She looks up at the waiter with an unreadable expression. “Yes,” she says flatly.
The waiter smiles and relaxes with her response. “Wow,” he says, shaking his head in fascination. “How awesome is that? To have the Max Epcott for a father?”
She doesn’t smile or flinch. Nothing on her face indicates that this is a question she’s heard a million times before. I wait for her sarcastic reply, because based on the way she responded to her father’s senseless comments, there’s no way this poor waiter is leaving here unscathed.
Just when I think she’s about to roll her eyes, she releases a pent-up breath and smiles. “It was absolutely surreal. I’m the luckiest daughter in the world.”
The waiter grins. “That’s really cool.”
When he turns and walks away, she faces me again. “What kind of class?” she asks.
It takes me a moment to process her question because I’m still trying to process the bullshit answer she just fed the waiter. I almost inquire about it, but think better of it. I’m sure it’s easier for her to give people the answers they hope to hear, rather than an earful of the truth. That, and she’s probably the most loyal person I’ve ever met, because I’m not sure I could say those things about that man if he were my father.
“Creative writing.”
She smiles thoughtfully and picks up her fork. “I knew you weren’t an actor.” She takes a bite of her salmon, and before she swallows the first bite, she’s already cutting into it again. The next several minutes are spent in complete silence while we both finish eating. I clean my entire plate, but she pushes hers away before she even finishes half of it.

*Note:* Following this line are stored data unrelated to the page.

lemma eigenvector_if_rayleigh_max:
  fixes A :: "real^'n^'n"
  assumes sym: "transpose A = A" and S: "subspace S" and inv: "\<forall>x\<in>S. A *v x \<in> S"
    and xS: "x \<in> S" and max: "\<forall>z\<in>S. z \<bullet> (A *v z) \<le> (x \<bullet> (A *v x)) * (z \<bullet> z)"
    and xx: "x \<bullet> x = 1"
  shows "A *v x = (x \<bullet> (A *v x)) *\<^sub>R x"
proof -
  define \<mu> where "\<mu> = x \<bullet> (A *v x)"
  have "z \<bullet> (A *v x - \<mu> *\<^sub>R x) = 0" if "z \<in> S" for z
  proof -
    have "(A *v x) \<bullet> z = x \<bullet> (A *v z)"
      using inner_transpose_matrix_vector[of x A z] sym by simp
    moreover have "x + t *\<^sub>R z \<in> S" for t
      using S xS that by (simp add: subspace_add subspace_scale)
    ultimately have "2 * (z \<bullet> (A *v x) - \<mu> * (z \<bullet> x)) * t
        + (z \<bullet> (A *v z) - \<mu> * (z \<bullet> z)) * t^2 \<le> 0" for t
      using max[rule_format, of "x + t *\<^sub>R z"] xx
      by (simp add: algebra_simps power2_eq_square \<mu>_def inner_commute)
    then have "2 * (z \<bullet> (A *v x) - \<mu> * (z \<bullet> x)) = 0"
      by (rule linear_coeff_eq_0_if_quadratic_nonpos)
    then show ?thesis
      by (simp add: inner_diff_right)
  qed
  moreover have "A *v x - \<mu> *\<^sub>R x \<in> S"
    using inv xS S by (simp add: subspace_diff subspace_scale)
  ultimately show ?thesis
    unfolding \<mu>_def by (metis inner_eq_zero_iff eq_iff_diff_eq_0)
qed

lemma symmetric_matrix_eigenvector_in_invariant_subspace:
  fixes A :: "real^'n^'n"
  assumes sym: "transpose A = A" and S: "subspace S" and inv: "\<forall>x\<in>S. A *v x \<in> S"
    and ne: "S \<noteq> {0}"
  shows "\<exists>x\<in>S. norm x = 1 \<and> (\<exists>\<mu>. A *v x = \<mu> *\<^sub>R x)"
proof -
  define K where "K = S \<inter> sphere 0 1"
  have "compact K"
    unfolding K_def using S closed_subspace compact_sphere closed_Int_compact by blast
  have scale: "z /\<^sub>R norm z \<in> K" if "z \<in> S" "z \<noteq> 0" for z
    unfolding K_def using S subspace_scale that by auto
  obtain y where "y \<in> S" "y \<noteq> 0"
    using ne S subspace_0 by blast
  then have "K \<noteq> {}"
    using scale by blast
  have "continuous_on K (\<lambda>y. y \<bullet> (A *v y))"
    by (intro continuous_intros linear_continuous_on) auto
  then obtain x where x: "x \<in> K" and xmax: "\<forall>z\<in>K. z \<bullet> (A *v z) \<le> x \<bullet> (A *v x)"
    using continuous_attains_sup[OF \<open>compact K\<close> \<open>K \<noteq> {}\<close>] by blast
  have xS: "x \<in> S" and xx: "x \<bullet> x = 1"
    using x unfolding K_def by (auto simp: norm_eq_1)
  have "z \<bullet> (A *v z) \<le> (x \<bullet> (A *v x)) * (z \<bullet> z)" if "z \<in> S" for z
  proof (cases "z = 0")
    case False
    then have "(z /\<^sub>R norm z) \<bullet> (A *v (z /\<^sub>R norm z)) \<le> x \<bullet> (A *v x)"
      using xmax scale[OF that] by auto
    then have "(z \<bullet> (A *v z)) / (norm z)^2 \<le> x \<bullet> (A *v x)"
      by (simp add: matrix_vector_mult_scaleR power2_eq_square divide_inverse mult_ac)
    then show ?thesis
      using False by (simp add: divide_le_eq power2_norm_eq_inner)
  qed simp
  then have "A *v x = (x \<bullet> (A *v x)) *\<^sub>R x"
    using eigenvector_if_rayleigh_max[OF sym S inv xS _ xx] by blast
  then show ?thesis
    using xS xx by (auto simp: norm_eq_1)
qed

“So tell me something,” she says, leaning forward. “Why’d you think I needed you to come to my rescue with that fake boyfriend crap?”
And there it is. She’s upset with me. I kind of thought she might be.

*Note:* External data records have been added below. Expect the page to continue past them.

lemma weighted_number_op_state:
  assumes "nu \<in> patterns"
  shows "weighted_number_op g (state nu) = sm (\<Sum>k\<in>occupied nu. g k) (state nu)"
proof -
  have "weighted_number_op g (state nu) = (\<Sum>k=1..l. sm (if nu k then g k else 0) (state nu))"
    unfolding weighted_number_op_def using number_op_state[OF assms] by (auto intro!: sum.cong)
  also have "\<dots> = sm (\<Sum>k=1..l. if nu k then g k else 0) (state nu)"
    by (simp add: scale_sum_left)
  also have "(\<Sum>k=1..l. if nu k then g k else 0) = (\<Sum>k\<in>occupied nu. g k)"
    unfolding occupied_def by (rule sum.inter_filter[symmetric]) simp
  finally show ?thesis .
qed

definition omega :: "(nat \<Rightarrow> bool) \<Rightarrow> complex" where
  "omega nu = of_nat (\<Sum>(occupied nu)) - (of_nat (card (occupied nu))^2 + of_nat (card (occupied nu))) / 2"

lemma numop_state: "nu \<in> patterns \<Longrightarrow> numop l b b' (state nu) = sm (of_nat (card (occupied nu))) (state nu)"
  unfolding numop_eq_weighted_number_op by (simp add: weighted_number_op_state)

lemma Omegaop_state:
  assumes nu: "nu \<in> patterns"
  shows "Omegaop sm l b b' (state nu) = sm (omega nu) (state nu)"
proof -
  interpret numop: Vector_Spaces.linear sm sm "numop l b b'" by (rule linear_numop)
  define c where "c = (of_nat (card (occupied nu)) :: complex)"
  define w where "w = (of_nat (\<Sum>(occupied nu)) :: complex)"
  have "Omegaop sm l b b' (state nu) = sm w (state nu) - sm (1/2) (sm (c * c) (state nu) + sm c (state nu))"
    unfolding Omegaop_eq_position_op using nu
    by (simp add: weighted_number_op_state numop_state numop.scale c_def w_def)
  also have "\<dots> = sm (w - (c * c + c) / 2) (state nu)"
    by (simp add: scale_right_distrib scale_left_diff_distrib flip: scale_left_distrib)
  finally show ?thesis unfolding omega_def c_def w_def by (simp add: power2_eq_square)
qed

lemma omega_range: "\<exists>r. 0 \<le> r \<and> r \<le> max_weight (card (occupied nu)) \<and> omega nu = of_int r"
proof -
  define m where "m = card (occupied nu)"
  define s where "s = \<Sum>(occupied nu)"
  have "finite (occupied nu)" "occupied nu \<subseteq> {1..l}" unfolding occupied_def by auto
  then have "m * (m + 1) \<le> 2 * s" "2 * s + m * m \<le> m * (2 * l + 1)"
    using sum_subset_atLeastAtMost_bounds unfolding m_def s_def by blast+
  then have "int (m * (m + 1)) \<le> int (2 * s)" "int (2 * s + m * m) \<le> int (m * (2 * l + 1))"
    by (simp_all only: of_nat_mono)
  then have bounds: "int m * int m + int m \<le> 2 * int s" "2 * int s + int m * int m \<le> 2 * int m * int l + int m"
    by (simp_all only: of_nat_mult of_nat_add of_nat_numeral of_nat_1 algebra_simps)
  define r where "r = int s - int (m * (m + 1) div 2)"
  have "even (m * (m + 1))" by simp
  then have r2: "2 * r = 2 * int s - (int m * int m + int m)"
    unfolding r_def by (simp add: algebra_simps of_nat_div)
  have "0 \<le> r" "r \<le> int m * (int l - int m)"
    using bounds r2 by (simp_all add: algebra_simps)
  moreover have "omega nu = of_int r"
  proof -
    have "(of_int (2 * r) :: complex) = of_int (2 * int s - (int m * int m + int m))"
      using r2 by simp
    then show ?thesis unfolding omega_def m_def[symmetric] s_def[symmetric]
      by (simp add: field_simps power2_eq_square)
  qed
  ultimately show ?thesis unfolding m_def by blast
qed

definition coord :: "'v \<Rightarrow> (nat \<Rightarrow> bool) \<Rightarrow> complex" where
  "coord x nu = representation states x (state nu)"

lemma coord_add: "coord (x + y) nu = coord x nu + coord y nu"
  unfolding coord_def using representation_add[OF independent_states] span_states by simp

lemma coord_scale: "coord (sm c x) nu = c * coord x nu"
  unfolding coord_def using representation_scale[OF independent_states] span_states by simp

lemma coord_0: "coord 0 nu = 0"
  unfolding coord_def by (simp add: representation_zero)

lemma coord_sum: "coord (sum g A) nu = (\<Sum>i\<in>A. coord (g i) nu)"
  by (induction A rule: infinite_finite_induct) (auto simp: coord_0 coord_add)

lemma coord_state:
  assumes "nu \<in> patterns" "mu \<in> patterns"
  shows "coord (state nu) mu = (if nu = mu then 1 else 0)"
proof -
  have "state mu = state nu \<longleftrightarrow> mu = nu" using inj_on_state assms by (auto dest: inj_onD)
  then show ?thesis unfolding coord_def using representation_basis[OF independent_states] assms by auto
qed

“I didn’t think you needed rescuing. I just sometimes find it difficult to control my indignation in the presence of absurdity.”

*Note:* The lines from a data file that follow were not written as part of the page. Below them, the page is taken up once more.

definition ops_contained where
  "ops_contained Top V le X Y \<longleftrightarrow>
     (\<forall>F R1 R2. wf_formula V le F \<longrightarrow> pref Top V le X F = Some R1 \<longrightarrow> pref Top V le Y F = Some R2
        \<longrightarrow> R1 \<subseteq> R2)"

definition equiv_ops where
  "equiv_ops Top V le X Y \<longleftrightarrow> ops_contained Top V le X Y \<and> ops_contained Top V le Y X"

definition is_T_operator where
  "is_T_operator V le Top \<longleftrightarrow> (\<forall>F. induced V le (Top F) = trancl (induced V le F))"

end

theory Submission
  imports Defs
begin

text \<open>Only two facts about the operators matter: T replaces the induced relation by its
  transitive closure, and S only strengthens statements (each round conjoins extra
  conditions, and the clean-up preserves the induced relation), so S never adds pairs.
  Once S has stopped, the cleaned formula is still stable, hence a second S is just
  another clean-up; and a second T adds nothing since the closure is already transitive.
  Every operator sequence therefore yields a subrelation of the transitive closure of the
  initial relation, which is what T alone produces.\<close>

lemma holds_and_stmt:
  "holds_stmt le (and_stmt P Q) t1 t2 \<longleftrightarrow> holds_stmt le P t1 t2 \<and> holds_stmt le Q t1 t2"
  unfolding holds_stmt_def and_stmt_def holds_clause_def by fastforce

lemma holds_foldl_and_stmtD:
  "holds_stmt le (foldl and_stmt P Qs) t1 t2 \<Longrightarrow> holds_stmt le P t1 t2"
  by (induction Qs arbitrary: P) (use holds_and_stmt in fastforce)+

lemma induced_S_round_subset: "induced V le (S_round V le F) \<subseteq> induced V le F"
proof
  fix p assume "p \<in> induced V le (S_round V le F)"
  then obtain t1 t2 Pi where p: "p = (t1,t2)" "t1 \<in> tuples V" "t2 \<in> tuples V"
    and Pi: "Pi \<in> set F"
    and holds: "holds_stmt le (let I = impl_list V le F Pi in
                 if I = [] then Pi else foldl and_stmt Pi (map neg_swap_stmt I)) t1 t2"
    unfolding induced_def holds_form_def S_round_def by auto
  have "holds_stmt le Pi t1 t2"
    using holds holds_foldl_and_stmtD by (auto simp: Let_def split: if_splits)
  then show "p \<in> induced V le F" using p Pi unfolding induced_def holds_form_def by auto
qed

lemma holds_stmt_filter_clause_sat:
  "t1 \<in> tuples V \<Longrightarrow> t2 \<in> tuples V \<Longrightarrow>
   holds_stmt le (filter (clause_sat V le) P) t1 t2 = holds_stmt le P t1 t2"
  unfolding holds_stmt_def clause_sat_def by auto

lemma stmt_le_refl: "stmt_le V le P P"
  unfolding stmt_le_def by blast

lemma stmt_le_trans: "stmt_le V le P Q \<Longrightarrow> stmt_le V le Q R \<Longrightarrow> stmt_le V le P R"
  unfolding stmt_le_def by blast

lemma subsumed_by_kept_stmt:
  assumes i: "i < length F"
  obtains j where "j < length F" "keep_stmt V le F j" "stmt_le V le (F!i) (F!j)"
proof -
  (* (k, j) \<in> beats means that statement k causes clean to drop statement j;
     a beats-minimal statement above F!i is kept. *)
  define beats where "beats = {(k,j). k < length F \<and> j < length F \<and> k \<noteq> j
       \<and> stmt_le V le (F!j) (F!k) \<and> (\<not> stmt_le V le (F!k) (F!j) \<or> k < j)}"
  have "finite beats"
    by (rule finite_subset[of _ "{..<length F} \<times> {..<length F}"]) (auto simp: beats_def)
  moreover have "trans beats"
  proof (rule transI)
    fix k j m assume kj: "(k,j) \<in> beats" and jm: "(j,m) \<in> beats"
    have "stmt_le V le (F!m) (F!k)" using kj jm stmt_le_trans unfolding beats_def by blast
    moreover have "\<not> stmt_le V le (F!k) (F!m) \<or> k < m"
    proof (cases "stmt_le V le (F!k) (F!m)")
      case True
      then have "stmt_le V le (F!k) (F!j)" "stmt_le V le (F!j) (F!m)"
        using kj jm stmt_le_trans unfolding beats_def by blast+
      then show ?thesis using kj jm unfolding beats_def by auto
    qed simp
    ultimately show "(k,m) \<in> beats"
      using kj jm stmt_le_refl unfolding beats_def by auto
  qed
  then have "acyclic beats"
    unfolding acyclic_def using trancl_id by (auto simp: beats_def)
  ultimately have "wf beats" using finite_acyclic_wf by blast
  define above where "above = {j. j < length F \<and> stmt_le V le (F!i) (F!j)}"
  have "i \<in> above" using i stmt_le_refl unfolding above_def by auto
  then obtain z where z: "z \<in> above" and min: "\<And>k. (k,z) \<in> beats \<Longrightarrow> k \<notin> above"
    using wfE_min[OF \<open>wf beats\<close>] by metis
  have "keep_stmt V le F z"
    unfolding keep_stmt_def
  proof
    assume "\<exists>k<length F. k \<noteq> z \<and> stmt_le V le (F!z) (F!k) \<and> (\<not> stmt_le V le (F!k) (F!z) \<or> k < z)"
    then obtain k where k: "k < length F" "k \<noteq> z" "stmt_le V le (F!z) (F!k)"
      "\<not> stmt_le V le (F!k) (F!z) \<or> k < z" by blast
    then have "(k,z) \<in> beats" using z unfolding beats_def above_def by auto
    moreover have "k \<in> above" using k z stmt_le_trans unfolding above_def by blast
    ultimately show False using min by blast
  qed
  then show thesis using that z unfolding above_def by auto
qed

lemma induced_clean: "induced V le (clean V le F) = induced V le F"
proof -
  define F1 where "F1 = map (filter (clause_sat V le)) F"
  have clean_F: "clean V le F = map (\<lambda>i. F1!i) (filter (keep_stmt V le F1) [0..<length F1])"
    unfolding clean_def F1_def Let_def by simp
  have "induced V le F1 = induced V le F"
    unfolding induced_def holds_form_def F1_def using holds_stmt_filter_clause_sat by fastforce
  moreover have "induced V le F1 \<subseteq> induced V le (clean V le F)"
  proof
    fix p assume "p \<in> induced V le F1"
    then obtain t1 t2 i where p: "p = (t1,t2)" "t1 \<in> tuples V" "t2 \<in> tuples V"
      and i: "i < length F1" "holds_stmt le (F1!i) t1 t2"
      unfolding induced_def holds_form_def by (auto simp: in_set_conv_nth)
    obtain j where j: "j < length F1" "keep_stmt V le F1 j" "stmt_le V le (F1!i) (F1!j)"
      using i(1) by (rule subsumed_by_kept_stmt)
    have "holds_stmt le (F1!j) t1 t2" using j p i unfolding stmt_le_def by auto
    moreover have "F1!j \<in> set (clean V le F)" unfolding clean_F using j by auto
    ultimately show "p \<in> induced V le (clean V le F)"
      using p unfolding induced_def holds_form_def by auto
  qed
  moreover have "induced V le (clean V le F) \<subseteq> induced V le F1"
    unfolding clean_F induced_def holds_form_def by auto
  ultimately show ?thesis by blast
qed

lemma induced_S_op_subset:
  assumes "S_op V le F = Some G" shows "induced V le G \<subseteq> induced V le F"
proof -
  obtain K where K: "while_option (\<lambda>G. \<not> S_stable V le G) (S_round V le) F = Some K"
    and G: "G = clean V le K" using assms unfolding S_op_def by auto
  have "induced V le K \<subseteq> induced V le F"
    by (rule while_option_rule[where P="\<lambda>K. induced V le K \<subseteq> induced V le F", OF _ K])
       (use induced_S_round_subset in blast)+
  then show ?thesis using G induced_clean by metis
qed

lemma in_impl_filter_clause_sat:
  "in_impl V le (filter (clause_sat V le) Pj) (filter (clause_sat V le) Pi) = in_impl V le Pj Pi"
  unfolding in_impl_def using holds_stmt_filter_clause_sat by (smt (verit))

lemma set_clean_subset: "set (clean V le F) \<subseteq> filter (clause_sat V le) ` set F"
  unfolding clean_def Let_def by auto

lemma S_stable_clean:
  assumes "S_stable V le F" shows "S_stable V le (clean V le F)"
  unfolding S_stable_def impl_list_def
proof (intro ballI filter_False)
  fix Pi' Pj' assume "Pi' \<in> set (clean V le F)" "Pj' \<in> set (clean V le F)"
  then obtain Pi Pj where "Pi \<in> set F" "Pi' = filter (clause_sat V le) Pi"
    and "Pj \<in> set F" "Pj' = filter (clause_sat V le) Pj"
    using set_clean_subset by blast
  moreover have "\<not> in_impl V le Pj Pi" if "Pi \<in> set F" "Pj \<in> set F" for Pi Pj
    using assms that unfolding S_stable_def impl_list_def by (metis filter_empty_conv)
  ultimately show "\<not> in_impl V le Pj' Pi'" using in_impl_filter_clause_sat by metis
qed

lemma S_op_S_op:
  assumes "S_op V le F = Some G" shows "S_op V le G = Some (clean V le G)"
proof -
  obtain K where K: "while_option (\<lambda>G. \<not> S_stable V le G) (S_round V le) F = Some K"
    and G: "G = clean V le K" using assms unfolding S_op_def by auto
  have "S_stable V le K" using while_option_stop[OF K] by simp
  then have "S_stable V le G" using G S_stable_clean by blast
  then have "while_option (\<lambda>G. \<not> S_stable V le G) (S_round V le) G = Some G"
    by (subst while_option_unfold) simp
  then show ?thesis unfolding S_op_def by simp
qed

lemma apply_ops_snoc:
  "apply_ops Top V le (X @ [op]) F = Option.bind (apply_ops Top V le X F) (apply_op Top V le op)"
  by (simp add: apply_ops_def)

lemma apply_op_OpS: "apply_op Top V le OpS = S_op V le"
  by (rule ext) simp

lemma pref_snoc_OpT:
  assumes "is_T_operator V le Top"
  shows "pref Top V le (X @ [OpT]) F = map_option trancl (pref Top V le X F)"
  using assms
  by (cases "apply_ops Top V le X F") (simp_all add: pref_def apply_ops_snoc is_T_operator_def)

lemma pref_snoc_OpS_OpS: "pref Top V le (X @ [OpS, OpS]) F = pref Top V le (X @ [OpS]) F"
proof -
  have twice: "apply_ops Top V le (X @ [OpS, OpS]) F
      = Option.bind (apply_ops Top V le (X @ [OpS]) F) (S_op V le)"
    using apply_ops_snoc[of Top V le "X @ [OpS]" OpS F] by (simp add: apply_op_OpS)
  show ?thesis
  proof (cases "apply_ops Top V le (X @ [OpS]) F")
    case (Some G)
    moreover have "S_op V le G = Some (clean V le G)"
      using Some S_op_S_op by (auto simp: apply_ops_snoc split: Option.bind_splits)
    ultimately show ?thesis by (simp add: pref_def twice induced_clean)
  qed (simp add: pref_def twice)
qed

lemma pref_snoc_OpS_subset:
  assumes "pref Top V le (X @ [OpS]) F = Some R" "pref Top V le X F = Some R'"
  shows "R \<subseteq> R'"
proof -
  obtain G H where "apply_ops Top V le X F = Some G" "S_op V le G = Some H"
    "R = induced V le H" "R' = induced V le G"
    using assms by (auto simp: pref_def apply_ops_snoc apply_op_OpS split: Option.bind_splits)
  then show ?thesis using induced_S_op_subset by blast
qed

lemma pref_subset_trancl:
  assumes "is_T_operator V le Top" "pref Top V le X F = Some R"
  shows "R \<subseteq> trancl (induced V le F)"
  using assms(2)
proof (induction X arbitrary: R rule: rev_induct)
  case Nil then show ?case by (auto simp: pref_def apply_ops_def)
next
  case (snoc op X)
  obtain R' where R': "pref Top V le X F = Some R'"
    using snoc.prems by (cases "apply_ops Top V le X F") (simp_all add: pref_def apply_ops_snoc)
  have "R \<subseteq> trancl R'"
  proof (cases op)
    case OpT then show ?thesis using snoc.prems R' pref_snoc_OpT[OF assms(1)] by simp
  next
    case OpS
    then have "R \<subseteq> R'" using snoc.prems R' pref_snoc_OpS_subset by blast
    then show ?thesis by (auto intro: r_into_trancl')
  qed
  also have "\<dots> \<subseteq> trancl (trancl (induced V le F))"
    using snoc.IH[OF R'] by (rule trancl_mono_subset)
  finally show ?case by (simp add: trans_trancl)
qed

She raises an eyebrow. “You’re definitely a writer, because who the hell talks like that?”
I laugh. “Sorry. I guess what I’m trying to say is that I can be a temperamental idiot and I should have minded my own business.”
She pulls the napkin from her lap and sets it on her plate. One of her shoulders rises with a little half-shrug. “I didn’t mind,” she says with a smile. “It was kind of fun seeing my father so flustered. And I’ve never had a fake boyfriend before.”
“I’ve never had a real boyfriend before,” I reply.
Her eyes shift to my hair. “Believe me, that’s obvious. No gay man I know would have left the house looking like you do right now.”
I kind of get the feeling she doesn’t mind the way I look nearly as much as she’s letting on. I’m sure she receives her fair share of physical discrimination, so I find it hard to believe she would be the type to list physical appearance high on her list of priorities in a guy.
But it’s not lost on me that she’s teasing me. If I didn’t know better, I’d say she was flirting.
Yep. Definitely should have walked out of this restaurant a long time ago, but this is one of the few moments I’m actually thankful for the plethora of bad decisions I tend to make.
The waiter brings the check, but before I can pay it, Fallon scoops up the wad of cash her father threw on the table and hands it to him.
“You need change?” he asks.
She waves it off. “Keep it.”
The waiter clears off the table and when he steps away, there’s nothing left between us. The imminent end to the meal leaves me feeling a little unsettled, because I’m not sure what to say to keep her here longer. The girl is moving to New York and chances are, I’ll never see her again. I don’t know why the thought of that makes me anxious.
“So,” she says. “Should we break up now?”
I laugh, even though I’m still attempting to discern if she’s got an incredible deadpan wit, or absolutely no personality at all. There’s a fine line between the two, but I’m betting it’s the former. Hoping it is, anyway.
“We haven’t even been dating an hour yet and you already want to dump me? Am I not very good at this boyfriend thing?”
She smiles. “A little too good. It’s weirding me out, to be honest. Is this the moment you break the ultimate boyfriend illusion and tell me you knocked up my cousin while we were on a break?”